RECORDS SUPPLIED section start

lemma grounded_subset_grounded_extension: "grounded A att \<subseteq> grounded A' att"
proof (rule grounded_induct)
  fix x assume x: "x \<in> A" and defended: "defends A att (grounded A att \<inter> grounded A' att) x"
  have "defends A' att (grounded A' att) x"
    unfolding defends_def
  proof (intro ballI impI)
    fix b assume b: "b \<in> A'" "att b x"
    then obtain c where c: "c \<in> grounded A att" "c \<in> grounded A' att" "att c (absorb b)"
      using defended absorb_in attacks_absorb unfolding defends_def by blast
    have "\<not> att c p"
      using c(1) p_grounded by (rule grounded_not_attacks)
    then show "\<exists>c\<in>grounded A' att. att c b"
      using c attacked_absorb_iff[OF b(1)] by blast
  qed
  then show "x \<in> grounded A' att"
    using x subset_extension by (blast intro: defended_in_grounded)
qed

lemma absorb_grounded:
  assumes "x \<in> grounded A' att"
  shows "absorb x \<in> grounded A att"
proof -
  have "grounded A' att \<subseteq> {x. absorb x \<in> grounded A att}"
  proof (rule grounded_induct)
    fix x assume x: "x \<in> A'"
      and defended: "defends A' att (grounded A' att \<inter> {x. absorb x \<in> grounded A att}) x"
    have "defends A att (grounded A att) (absorb x)"
      unfolding defends_def
    proof (intro ballI impI)
      fix b assume b: "b \<in> A" "att b (absorb x)"
      then consider "att b x" | "att b p"
        using attacked_absorb_iff[OF x] by blast
      then show "\<exists>c\<in>grounded A att. att c b"
      proof cases
        case 1
        moreover have "b \<in> A'"
          using b(1) subset_extension by blast
        ultimately obtain c where "absorb c \<in> grounded A att" "att c b"
          using defended unfolding defends_def by blast
        then show ?thesis
          using attacks_absorb by blast
      next
        case 2
        then show ?thesis
          using grounded_defends[OF p_grounded b(1)] by blast
      qed
    qed
    then show "x \<in> {x. absorb x \<in> grounded A att}"
      using absorb_in[OF x] by (simp add: defended_in_grounded)
  qed
  then show ?thesis
    using assms by blast
qed

lemma grounded_extension_Int: "grounded A' att \<inter> A = grounded A att"
proof
  show "grounded A att \<subseteq> grounded A' att \<inter> A"
    using grounded_subset_grounded_extension grounded_subset[of A att] by blast
  show "grounded A' att \<inter> A \<subseteq> grounded A att"
  proof
    fix x assume x: "x \<in> grounded A' att \<inter> A"
    then have "x \<in> A'"
      using subset_extension by blast
    have absorbed: "absorb x \<in> grounded A att"
      using x absorb_grounded by blast
    have "defends A att (grounded A att) x"
      unfolding defends_def
    proof (intro ballI impI)
      fix b assume "b \<in> A" "att b x"
      then show "\<exists>c\<in>grounded A att. att c b"
        using grounded_defends[OF absorbed] attacked_absorb_iff[OF \<open>x \<in> A'\<close>] by blast
    qed
    then show "x \<in> grounded A att"
      using x by (simp add: defended_in_grounded)
  qed
qed

end

lemma Arg_subset_plus_rel: "Arg R S \<subseteq> Arg (plus_rel R \<phi>) S"
  unfolding Arg_def plus_rel_def by (auto intro: tclos.base)

lemma Arg_cut:
  assumes "cut_prop R" "(\<Phi>, \<phi>) \<in> Arg R S" "(\<Gamma>, \<gamma>) \<in> Arg (plus_rel R \<phi>) S"
  shows "(\<Gamma> \<union> \<Phi>, \<gamma>) \<in> Arg R S"
proof -
  have "R (\<Phi> \<union> \<Gamma>) \<gamma>"
    using assms unfolding cut_prop_def Arg_def by blast
  then show ?thesis
    using assms(2,3) unfolding Arg_def by (simp add: Un_commute)
qed

lemma attacks_Un_premises:
  assumes "pointed hat" "finite \<Gamma>" "finite \<Phi>"
  shows "attacks ov hat c (\<Gamma> \<union> \<Phi>, \<gamma>) \<longleftrightarrow> attacks ov hat c (\<Gamma>, \<gamma>) \<or> attacks ov hat c (\<Phi>, \<phi>)"
  using assms unfolding attacks_def pointed_def by auto

lemma grounded_absorption_plus_rel:
  assumes "cut_prop R" "pointed hat" "(\<Phi>, \<phi>) \<in> Grd R ov hat S"
  shows "grounded_absorption (Arg R S) (Arg (plus_rel R \<phi>) S) (attacks ov hat)
    (\<lambda>a. (fst a \<union> \<Phi>, snd a)) (\<Phi>, \<phi>)"
proof
  have \<Phi>: "(\<Phi>, \<phi>) \<in> Arg R S"
    using assms(3) grounded_subset[of "Arg R S" "attacks ov hat"] unfolding Grd_def by blast
  show "Arg R S \<subseteq> Arg (plus_rel R \<phi>) S"
    by (rule Arg_subset_plus_rel)
  show "(fst x \<union> \<Phi>, snd x) \<in> Arg R S" if "x \<in> Arg (plus_rel R \<phi>) S" for x
    using Arg_cut[OF assms(1) \<Phi>, of "fst x" "snd x"] that by simp
  show "(\<Phi>, \<phi>) \<in> grounded (Arg R S) (attacks ov hat)"
    using assms(3) unfolding Grd_def .
  show "attacks ov hat (fst c \<union> \<Phi>, snd c) b" if "attacks ov hat c b" for c b
    using that unfolding attacks_def by simp
  show "attacks ov hat c (fst b \<union> \<Phi>, snd b) \<longleftrightarrow> attacks ov hat c b \<or> attacks ov hat c (\<Phi>, \<phi>)"
    if "b \<in> Arg (plus_rel R \<phi>) S" for b c
  proof -
    have "finite (fst b)" "finite \<Phi>"
      using that \<Phi> unfolding Arg_def by auto
    then show ?thesis
      using attacks_Un_premises[OF assms(2), of "fst b" \<Phi> ov c "snd b" \<phi>] by simp
  qed
qed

RECORDS SUPPLIED section end

Each line of the material above must be retyped precisely.

lemma grounded_subset_grounded_extension: "grounded A att \<subseteq> grounded A' att"
proof (rule grounded_induct)
  fix x assume x: "x \<in> A" and defended: "defends A att (grounded A att \<inter> grounded A' att) x"
  have "defends A' att (grounded A' att) x"
    unfolding defends_def
  proof (intro ballI impI)
    fix b assume b: "b \<in> A'" "att b x"
    then obtain c where c: "c \<in> grounded A att" "c \<in> grounded A' att" "att c (absorb b)"
      using defended absorb_in attacks_absorb unfolding defends_def by blast
    have "\<not> att c p"
      using c(1) p_grounded by (rule grounded_not_attacks)
    then show "\<exists>c\<in>grounded A' att. att c b"
      using c attacked_absorb_iff[OF b(1)] by blast
  qed
  then show "x \<in> grounded A' att"
    using x subset_extension by (blast intro: defended_in_grounded)
qed

lemma absorb_grounded:
  assumes "x \<in> grounded A' att"
  shows "absorb x \<in> grounded A att"
proof -
  have "grounded A' att \<subseteq> {x. absorb x \<in> grounded A att}"
  proof (rule grounded_induct)
    fix x assume x: "x \<in> A'"
      and defended: "defends A' att (grounded A' att \<inter> {x. absorb x \<in> grounded A att}) x"
    have "defends A att (grounded A att) (absorb x)"
      unfolding defends_def
    proof (intro ballI impI)
      fix b assume b: "b \<in> A" "att b (absorb x)"
      then consider "att b x" | "att b p"
        using attacked_absorb_iff[OF x] by blast
      then show "\<exists>c\<in>grounded A att. att c b"
      proof cases
        case 1
        moreover have "b \<in> A'"
          using b(1) subset_extension by blast
        ultimately obtain c where "absorb c \<in> grounded A att" "att c b"
          using defended unfolding defends_def by blast
        then show ?thesis
          using attacks_absorb by blast
      next
        case 2
        then show ?thesis
          using grounded_defends[OF p_grounded b(1)] by blast
      qed
    qed
    then show "x \<in> {x. absorb x \<in> grounded A att}"
      using absorb_in[OF x] by (simp add: defended_in_grounded)
  qed
  then show ?thesis
    using assms by blast
qed

lemma grounded_extension_Int: "grounded A' att \<inter> A = grounded A att"
proof
  show "grounded A att \<subseteq> grounded A' att \<inter> A"
    using grounded_subset_grounded_extension grounded_subset[of A att] by blast
  show "grounded A' att \<inter> A \<subseteq> grounded A att"
  proof
    fix x assume x: "x \<in> grounded A' att \<inter> A"
    then have "x \<in> A'"
      using subset_extension by blast
    have absorbed: "absorb x \<in> grounded A att"
      using x absorb_grounded by blast
    have "defends A att (grounded A att) x"
      unfolding defends_def
    proof (intro ballI impI)
      fix b assume "b \<in> A" "att b x"
      then show "\<exists>c\<in>grounded A att. att c b"
        using grounded_defends[OF absorbed] attacked_absorb_iff[OF \<open>x \<in> A'\<close>] by blast
    qed
    then show "x \<in> grounded A att"
      using x by (simp add: defended_in_grounded)
  qed
qed

end

lemma Arg_subset_plus_rel: "Arg R S \<subseteq> Arg (plus_rel R \<phi>) S"
  unfolding Arg_def plus_rel_def by (auto intro: tclos.base)

lemma Arg_cut:
  assumes "cut_prop R" "(\<Phi>, \<phi>) \<in> Arg R S" "(\<Gamma>, \<gamma>) \<in> Arg (plus_rel R \<phi>) S"
  shows "(\<Gamma> \<union> \<Phi>, \<gamma>) \<in> Arg R S"
proof -
  have "R (\<Phi> \<union> \<Gamma>) \<gamma>"
    using assms unfolding cut_prop_def Arg_def by blast
  then show ?thesis
    using assms(2,3) unfolding Arg_def by (simp add: Un_commute)
qed

lemma attacks_Un_premises:
  assumes "pointed hat" "finite \<Gamma>" "finite \<Phi>"
  shows "attacks ov hat c (\<Gamma> \<union> \<Phi>, \<gamma>) \<longleftrightarrow> attacks ov hat c (\<Gamma>, \<gamma>) \<or> attacks ov hat c (\<Phi>, \<phi>)"
  using assms unfolding attacks_def pointed_def by auto

lemma grounded_absorption_plus_rel:
  assumes "cut_prop R" "pointed hat" "(\<Phi>, \<phi>) \<in> Grd R ov hat S"
  shows "grounded_absorption (Arg R S) (Arg (plus_rel R \<phi>) S) (attacks ov hat)
    (\<lambda>a. (fst a \<union> \<Phi>, snd a)) (\<Phi>, \<phi>)"
proof
  have \<Phi>: "(\<Phi>, \<phi>) \<in> Arg R S"
    using assms(3) grounded_subset[of "Arg R S" "attacks ov hat"] unfolding Grd_def by blast
  show "Arg R S \<subseteq> Arg (plus_rel R \<phi>) S"
    by (rule Arg_subset_plus_rel)
  show "(fst x \<union> \<Phi>, snd x) \<in> Arg R S" if "x \<in> Arg (plus_rel R \<phi>) S" for x
    using Arg_cut[OF assms(1) \<Phi>, of "fst x" "snd x"] that by simp
  show "(\<Phi>, \<phi>) \<in> grounded (Arg R S) (attacks ov hat)"
    using assms(3) unfolding Grd_def .
  show "attacks ov hat (fst c \<union> \<Phi>, snd c) b" if "attacks ov hat c b" for c b
    using that unfolding attacks_def by simp
  show "attacks ov hat c (fst b \<union> \<Phi>, snd b) \<longleftrightarrow> attacks ov hat c b \<or> attacks ov hat c (\<Phi>, \<phi>)"
    if "b \<in> Arg (plus_rel R \<phi>) S" for b c
  proof -
    have "finite (fst b)" "finite \<Phi>"
      using that \<Phi> unfolding Arg_def by auto
    then show ?thesis
      using attacks_Un_premises[OF assms(2), of "fst b" \<Phi> ov c "snd b" \<phi>] by simp
  qed
qed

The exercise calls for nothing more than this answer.